:: Exercise inputs ::
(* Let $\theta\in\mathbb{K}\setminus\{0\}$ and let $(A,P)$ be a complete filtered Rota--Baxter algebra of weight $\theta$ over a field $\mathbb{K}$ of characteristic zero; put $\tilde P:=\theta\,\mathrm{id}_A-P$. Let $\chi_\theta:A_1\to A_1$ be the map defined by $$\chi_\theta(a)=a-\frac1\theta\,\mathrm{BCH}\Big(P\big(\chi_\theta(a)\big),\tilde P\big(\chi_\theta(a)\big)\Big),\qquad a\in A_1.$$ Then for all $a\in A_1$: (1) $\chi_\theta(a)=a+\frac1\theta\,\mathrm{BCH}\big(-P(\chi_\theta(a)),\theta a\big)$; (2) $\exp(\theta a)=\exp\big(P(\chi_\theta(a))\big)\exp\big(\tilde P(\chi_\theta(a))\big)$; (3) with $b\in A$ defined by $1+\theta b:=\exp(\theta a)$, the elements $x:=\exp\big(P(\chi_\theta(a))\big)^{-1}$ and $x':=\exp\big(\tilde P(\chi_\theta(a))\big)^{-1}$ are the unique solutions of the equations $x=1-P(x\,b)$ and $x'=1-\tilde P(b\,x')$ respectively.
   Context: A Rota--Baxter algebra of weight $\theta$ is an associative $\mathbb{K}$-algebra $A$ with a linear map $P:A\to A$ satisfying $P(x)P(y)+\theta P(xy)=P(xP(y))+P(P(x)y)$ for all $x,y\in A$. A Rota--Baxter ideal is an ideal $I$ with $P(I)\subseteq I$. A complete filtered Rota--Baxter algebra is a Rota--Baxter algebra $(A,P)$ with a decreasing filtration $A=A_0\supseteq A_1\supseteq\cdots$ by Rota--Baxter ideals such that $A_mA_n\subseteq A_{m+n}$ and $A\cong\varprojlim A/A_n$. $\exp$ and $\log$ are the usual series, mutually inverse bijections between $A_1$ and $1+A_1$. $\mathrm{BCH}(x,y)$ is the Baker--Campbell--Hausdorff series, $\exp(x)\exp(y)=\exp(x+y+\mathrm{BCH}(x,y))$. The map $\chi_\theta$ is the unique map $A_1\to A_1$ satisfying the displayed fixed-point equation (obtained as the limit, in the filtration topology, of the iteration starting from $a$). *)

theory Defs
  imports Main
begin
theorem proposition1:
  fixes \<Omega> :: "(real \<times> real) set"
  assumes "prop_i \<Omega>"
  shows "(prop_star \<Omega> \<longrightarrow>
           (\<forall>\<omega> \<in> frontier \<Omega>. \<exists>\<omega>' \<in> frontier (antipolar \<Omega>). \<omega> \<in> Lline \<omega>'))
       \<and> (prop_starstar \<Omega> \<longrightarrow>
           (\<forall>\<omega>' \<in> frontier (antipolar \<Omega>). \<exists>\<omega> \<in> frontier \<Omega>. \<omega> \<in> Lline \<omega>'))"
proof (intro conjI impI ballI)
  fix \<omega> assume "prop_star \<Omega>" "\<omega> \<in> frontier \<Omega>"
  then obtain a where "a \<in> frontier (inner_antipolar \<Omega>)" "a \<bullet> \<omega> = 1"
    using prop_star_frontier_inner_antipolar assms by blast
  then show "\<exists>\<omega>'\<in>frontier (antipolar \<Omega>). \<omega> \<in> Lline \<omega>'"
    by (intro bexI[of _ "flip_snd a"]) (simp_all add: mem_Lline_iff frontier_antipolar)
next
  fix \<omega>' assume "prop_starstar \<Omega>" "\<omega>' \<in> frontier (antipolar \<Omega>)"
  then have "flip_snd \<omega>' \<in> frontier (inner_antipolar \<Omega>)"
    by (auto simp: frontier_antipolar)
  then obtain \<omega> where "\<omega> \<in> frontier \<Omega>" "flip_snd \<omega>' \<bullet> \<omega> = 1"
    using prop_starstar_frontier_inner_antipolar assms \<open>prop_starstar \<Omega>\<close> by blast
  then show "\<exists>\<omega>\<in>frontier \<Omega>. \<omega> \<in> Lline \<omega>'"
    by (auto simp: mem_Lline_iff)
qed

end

:: Exercise ::
Keeping every character as it is, restate the lines above that run from the line with "(\<forall>\<omega> \<in> frontier" through the line with "(prop_starstar \<Omega> \<longrightarrow>", both included, and nothing else.

:: Result of the exercise ::
           (\<forall>\<omega> \<in> frontier \<Omega>. \<exists>\<omega>' \<in> frontier (antipolar \<Omega>). \<omega> \<in> Lline \<omega>'))
       \<and> (prop_starstar \<Omega> \<longrightarrow>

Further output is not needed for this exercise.